__Task prompt__
Return each line of the material below exactly. Begin at the first and end on the line with "text \<open>Exponent vectors".

__Records supplied__
—————

(* Let $\mathcal A_+=\{a_1,\dots,a_k\},\ \mathcal A_-=\{b_1,\dots,b_m\}\subseteq\mathbb Z^n$ be disjoint nonempty finite sets with $\mathcal A=\mathcal A_+\cup\mathcal A_-$ full dimensional and $(\mathcal A_+,\mathcal A_-)$ nonseparable. Let $F$ be its critical system, $h:\mathcal A\to\mathbb Z$ a height function lifting $\mathcal A_-$, and $f\in\mathcal S(\mathcal A_+,\mathcal A_-)$ with nonsigned coefficients $c\in\mathbb R^{\mathcal A}_{>0}$. Let $\lambda_1,\dots,\lambda_k>0$ with $\sum_i\lambda_i=1$ and $\sum_i\lambda_ia_i=b_1$, and define $\hat c\in\mathbb R^{\mathcal A}_{\ge0}$ by $\hat c_{a_i}=\lambda_i$, $\hat c_{b_1}=1$, $\hat c_{b_j}=0$ for $j\ge2$. Let $H(s,(t,x))=F((sc+(1-s)\hat c)\star t^h,x)$ for $s\in[0,1]$. Then $H(0,(1,\mathbb 1))=0$, and there is a unique continuous path $s\mapsto(t(s),x(s))\in\mathbb R^{n+1}_{>0}$, $s\in[0,1]$, with $(t(0),x(0))=(1,\mathbb 1)$ and $H(s,(t(s),x(s)))=0$ for all $s$; its endpoint $(t_*,x_* )=(t(1),x(1))$ satisfies $S=\{t_*\}$, where $S=\{t\in\mathbb R_{>0}:F(c\star t^h,x)=0\text{ for some }x\in\mathbb R^n_{>0}\}$.
   Context: For a coefficient vector $c\in\mathbb R^{\mathcal A}$, $f_c(x)=\sum_{a\in\mathcal A_+}c_ax^a-\sum_{b\in\mathcal A_-}c_bx^b$; $\mathcal S(\mathcal A_+,\mathcal A_-)$ is the set of these with $c\in\mathbb R^{\mathcal A}_{>0}$ (nonsigned coefficients). The critical system is $F(c,x)=(f_c(x),x_1\partial_{x_1}f_c(x),\dots,x_n\partial_{x_n}f_c(x))$. Full dimensional: $\dim\operatorname{conv}(\mathcal A)=n$. $\mathcal F(\mathcal A_+)$ is the common refinement of all regular polyhedral subdivisions of $\mathcal A_+$, $\mathcal F_n(\mathcal A_+)$ its $n$-cells; $(\mathcal A_+,\mathcal A_-)$ is nonseparable if $\mathcal A_-\subseteq\operatorname{relint}\operatorname{conv}(\mathcal A_+)$ and some $D\in\mathcal F_n(\mathcal A_+)$ contains $\mathcal A_-$. A height function $h$ lifts $\mathcal A_-$ if $h(a)>0$ for $a\in\mathcal A_-$ and $h(a)=0$ for $a\in\mathcal A_+$; $c\star t^h=(c_at^{h(a)})_a$; $\mathbb 1=(1,\dots,1)$. *)

theory Defs
  imports "HOL-Analysis.Analysis"
begin

text \<open>Exponent vectors live in int^'n (so n = CARD('n)); points x live in real^'n.\<close>

definition rv :: "int ^ 'n \<Rightarrow> real ^ 'n" where
  "rv a = (\<chi> i. real_of_int (a $ i))"

definition monom_val :: "real ^ 'n \<Rightarrow> int ^ 'n \<Rightarrow> real" where
  "monom_val x a = (\<Prod>j\<in>UNIV. (x $ j) powi (a $ j))"

definition fpoly :: "(int ^ 'n) set \<Rightarrow> (int ^ 'n) set \<Rightarrow> (int ^ 'n \<Rightarrow> real) \<Rightarrow> real ^ 'n \<Rightarrow> real" where
  "fpoly Ap Am c x = (\<Sum>a\<in>Ap. c a * monom_val x a) - (\<Sum>b\<in>Am. c b * monom_val x b)"

definition xi_dfpoly :: "(int ^ 'n) set \<Rightarrow> (int ^ 'n) set \<Rightarrow> (int ^ 'n \<Rightarrow> real) \<Rightarrow> real ^ 'n \<Rightarrow> 'n \<Rightarrow> real" where
  "xi_dfpoly Ap Am c x i =
     x $ i * deriv (\<lambda>y. fpoly Ap Am c (\<chi> j. if j = i then y else x $ j)) (x $ i)"

definition crit_sys :: "(int ^ 'n) set \<Rightarrow> (int ^ 'n) set \<Rightarrow> (int ^ 'n \<Rightarrow> real) \<Rightarrow> real ^ 'n \<Rightarrow> real \<times> (real ^ 'n)" where
  "crit_sys Ap Am c x = (fpoly Ap Am c x, \<chi> i. xi_dfpoly Ap Am c x i)"

definition star_pow :: "(int ^ 'n \<Rightarrow> real) \<Rightarrow> real \<Rightarrow> (int ^ 'n \<Rightarrow> int) \<Rightarrow> int ^ 'n \<Rightarrow> real" where
  "star_pow c t h = (\<lambda>a. c a * t powi h a)"

text \<open>Cells of the regular polyhedral subdivision of A+ induced by heights w:
  conv(sigma) where sigma is the set of points on a lower face of the lifted configuration.\<close>
definition regular_cells :: "(int ^ 'n) set \<Rightarrow> (int ^ 'n \<Rightarrow> real) \<Rightarrow> (real ^ 'n) set set" where
  "regular_cells Ap w =
     {convex hull (rv ` \<sigma>) | \<sigma>. \<sigma> \<subseteq> Ap \<and> \<sigma> \<noteq> {} \<and>
        (\<exists>u u0. (\<forall>a\<in>Ap. u \<bullet> rv a + u0 \<le> w a) \<and> \<sigma> = {a\<in>Ap. u \<bullet> rv a + u0 = w a})}"

definition common_refinement :: "(int ^ 'n) set \<Rightarrow> (real ^ 'n) set set" where
  "common_refinement Ap =
     {D. D \<noteq> {} \<and> (\<exists>C. (\<forall>w. C w \<in> regular_cells Ap w) \<and> D = (\<Inter>w. C w))}"

definition common_refinement_ncells :: "(int ^ 'n) set \<Rightarrow> (real ^ 'n) set set" where
  "common_refinement_ncells Ap = {D \<in> common_refinement Ap. aff_dim D = int CARD('n)}"

definition nonseparable :: "(int ^ 'n) set \<Rightarrow> (int ^ 'n) set \<Rightarrow> bool" where
  "nonseparable Ap Am \<longleftrightarrow>
     rv ` Am \<subseteq> rel_interior (convex hull (rv ` Ap)) \<and>
     (\<exists>D\<in>common_refinement_ncells Ap. rv ` Am \<subseteq> D)"

definition full_dimensional :: "(int ^ 'n) set \<Rightarrow> bool" where
  "full_dimensional A \<longleftrightarrow> aff_dim (convex hull (rv ` A)) = int CARD('n)"

definition lifts :: "(int ^ 'n) set \<Rightarrow> (int ^ 'n) set \<Rightarrow> (int ^ 'n \<Rightarrow> int) \<Rightarrow> bool" where
  "lifts Ap Am h \<longleftrightarrow> (\<forall>a\<in>Am. h a > 0) \<and> (\<forall>a\<in>Ap. h a = 0)"

end

theory Submission
  imports Defs
begin

text \<open>
  In logarithmic coordinates \<open>x = exp y\<close>, a positive critical point \<open>(t, y)\<close> of
  \<open>F (C \<star> t\<^sup>h, -)\<close> says exactly that the weights \<open>C a exp \<langle>a, y\<rangle>\<close> on \<open>A\<^sub>+\<close> and
  \<open>C b t\<^bsup>h b\<^esup> exp \<langle>b, y\<rangle>\<close> on \<open>A\<^sub>-\<close> have equal mass and equal barycenter.
  Nonseparability gives, for every \<open>y\<close>, an affine function below \<open>exp \<langle>-, y\<rangle>\<close> on \<open>A\<^sub>+\<close>
  and above it on \<open>A\<^sub>-\<close> (the lower face, for the heights \<open>exp \<langle>a, y\<rangle>\<close>, of the cell
  containing \<open>A\<^sub>-\<close>). Integrated against balanced weights, this makes every critical point a
  global minimum, of value \<open>0\<close>, of \<open>f\<close> at its level \<open>t\<close>; strict convexity of \<open>exp\<close> and full
  dimensionality make it the only zero there, and since \<open>f\<close> decreases strictly in \<open>t\<close> there is
  at most one critical point. Conversely, at the least \<open>t\<close> where \<open>f\<close> takes a nonpositive value
  its minimum is \<open>0\<close>, hence attained at a critical point. Bounds that are uniform along the
  homotopy \<open>s c + (1 - s) c_hat\<close> put all critical points into one compact set, so the graph of
  the solution path is closed and the path is continuous.
\<close>

section \<open>Logarithmic coordinates\<close>

definition vexp :: "real^'n \<Rightarrow> real^'n" where
  "vexp y = (\<chi> j. exp (y $ j))"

—————

__Exercise response__
(* Let $\mathcal A_+=\{a_1,\dots,a_k\},\ \mathcal A_-=\{b_1,\dots,b_m\}\subseteq\mathbb Z^n$ be disjoint nonempty finite sets with $\mathcal A=\mathcal A_+\cup\mathcal A_-$ full dimensional and $(\mathcal A_+,\mathcal A_-)$ nonseparable. Let $F$ be its critical system, $h:\mathcal A\to\mathbb Z$ a height function lifting $\mathcal A_-$, and $f\in\mathcal S(\mathcal A_+,\mathcal A_-)$ with nonsigned coefficients $c\in\mathbb R^{\mathcal A}_{>0}$. Let $\lambda_1,\dots,\lambda_k>0$ with $\sum_i\lambda_i=1$ and $\sum_i\lambda_ia_i=b_1$, and define $\hat c\in\mathbb R^{\mathcal A}_{\ge0}$ by $\hat c_{a_i}=\lambda_i$, $\hat c_{b_1}=1$, $\hat c_{b_j}=0$ for $j\ge2$. Let $H(s,(t,x))=F((sc+(1-s)\hat c)\star t^h,x)$ for $s\in[0,1]$. Then $H(0,(1,\mathbb 1))=0$, and there is a unique continuous path $s\mapsto(t(s),x(s))\in\mathbb R^{n+1}_{>0}$, $s\in[0,1]$, with $(t(0),x(0))=(1,\mathbb 1)$ and $H(s,(t(s),x(s)))=0$ for all $s$; its endpoint $(t_*,x_* )=(t(1),x(1))$ satisfies $S=\{t_*\}$, where $S=\{t\in\mathbb R_{>0}:F(c\star t^h,x)=0\text{ for some }x\in\mathbb R^n_{>0}\}$.
   Context: For a coefficient vector $c\in\mathbb R^{\mathcal A}$, $f_c(x)=\sum_{a\in\mathcal A_+}c_ax^a-\sum_{b\in\mathcal A_-}c_bx^b$; $\mathcal S(\mathcal A_+,\mathcal A_-)$ is the set of these with $c\in\mathbb R^{\mathcal A}_{>0}$ (nonsigned coefficients). The critical system is $F(c,x)=(f_c(x),x_1\partial_{x_1}f_c(x),\dots,x_n\partial_{x_n}f_c(x))$. Full dimensional: $\dim\operatorname{conv}(\mathcal A)=n$. $\mathcal F(\mathcal A_+)$ is the common refinement of all regular polyhedral subdivisions of $\mathcal A_+$, $\mathcal F_n(\mathcal A_+)$ its $n$-cells; $(\mathcal A_+,\mathcal A_-)$ is nonseparable if $\mathcal A_-\subseteq\operatorname{relint}\operatorname{conv}(\mathcal A_+)$ and some $D\in\mathcal F_n(\mathcal A_+)$ contains $\mathcal A_-$. A height function $h$ lifts $\mathcal A_-$ if $h(a)>0$ for $a\in\mathcal A_-$ and $h(a)=0$ for $a\in\mathcal A_+$; $c\star t^h=(c_at^{h(a)})_a$; $\mathbb 1=(1,\dots,1)$. *)

theory Defs
  imports "HOL-Analysis.Analysis"
begin

text \<open>Exponent vectors live in int^'n (so n = CARD('n)); points x live in real^'n.\<close>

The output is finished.